Stored items:
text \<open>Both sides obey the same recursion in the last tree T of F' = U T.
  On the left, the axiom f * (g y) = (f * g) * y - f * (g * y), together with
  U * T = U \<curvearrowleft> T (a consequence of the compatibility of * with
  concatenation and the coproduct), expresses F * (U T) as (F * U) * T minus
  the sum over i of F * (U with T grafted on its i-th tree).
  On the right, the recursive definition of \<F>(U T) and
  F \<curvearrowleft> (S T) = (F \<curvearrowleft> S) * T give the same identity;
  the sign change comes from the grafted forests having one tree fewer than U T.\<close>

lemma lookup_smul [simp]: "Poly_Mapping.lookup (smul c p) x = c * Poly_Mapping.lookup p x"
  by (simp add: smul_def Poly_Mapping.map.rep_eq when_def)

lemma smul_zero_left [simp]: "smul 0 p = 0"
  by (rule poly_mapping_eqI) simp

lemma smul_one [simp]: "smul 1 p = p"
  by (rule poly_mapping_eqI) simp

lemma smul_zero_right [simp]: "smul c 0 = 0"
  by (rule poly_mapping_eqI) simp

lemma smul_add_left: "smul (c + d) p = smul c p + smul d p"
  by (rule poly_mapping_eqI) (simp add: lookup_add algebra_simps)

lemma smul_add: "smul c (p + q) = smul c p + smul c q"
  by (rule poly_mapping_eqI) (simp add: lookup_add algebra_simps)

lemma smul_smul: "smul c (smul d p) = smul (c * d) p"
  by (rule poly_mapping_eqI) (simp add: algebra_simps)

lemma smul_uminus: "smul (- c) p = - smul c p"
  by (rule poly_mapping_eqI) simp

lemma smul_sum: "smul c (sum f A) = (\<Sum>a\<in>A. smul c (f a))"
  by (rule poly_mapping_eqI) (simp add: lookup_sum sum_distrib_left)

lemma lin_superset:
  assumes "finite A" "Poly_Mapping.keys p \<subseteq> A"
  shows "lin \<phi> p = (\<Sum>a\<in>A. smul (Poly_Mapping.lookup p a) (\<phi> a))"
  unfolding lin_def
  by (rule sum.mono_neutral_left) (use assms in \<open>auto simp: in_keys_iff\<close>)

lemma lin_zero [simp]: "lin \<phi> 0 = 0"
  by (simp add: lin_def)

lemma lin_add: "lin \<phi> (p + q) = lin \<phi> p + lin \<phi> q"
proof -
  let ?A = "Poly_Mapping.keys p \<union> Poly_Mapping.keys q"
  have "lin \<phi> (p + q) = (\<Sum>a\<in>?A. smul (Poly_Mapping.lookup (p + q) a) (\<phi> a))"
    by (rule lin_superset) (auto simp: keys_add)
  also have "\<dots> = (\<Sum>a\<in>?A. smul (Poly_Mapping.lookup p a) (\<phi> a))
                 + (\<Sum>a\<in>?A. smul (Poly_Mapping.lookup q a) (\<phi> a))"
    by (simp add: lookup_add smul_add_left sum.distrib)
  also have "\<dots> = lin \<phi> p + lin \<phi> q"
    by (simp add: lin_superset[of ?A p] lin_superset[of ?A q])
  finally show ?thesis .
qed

Work item
Look through the records and copy down every line that holds "dots".

Task answer
  also have "\<dots> = (\<Sum>a\<in>?A. smul (Poly_Mapping.lookup p a) (\<phi> a))
  also have "\<dots> = lin \<phi> p + lin \<phi> q"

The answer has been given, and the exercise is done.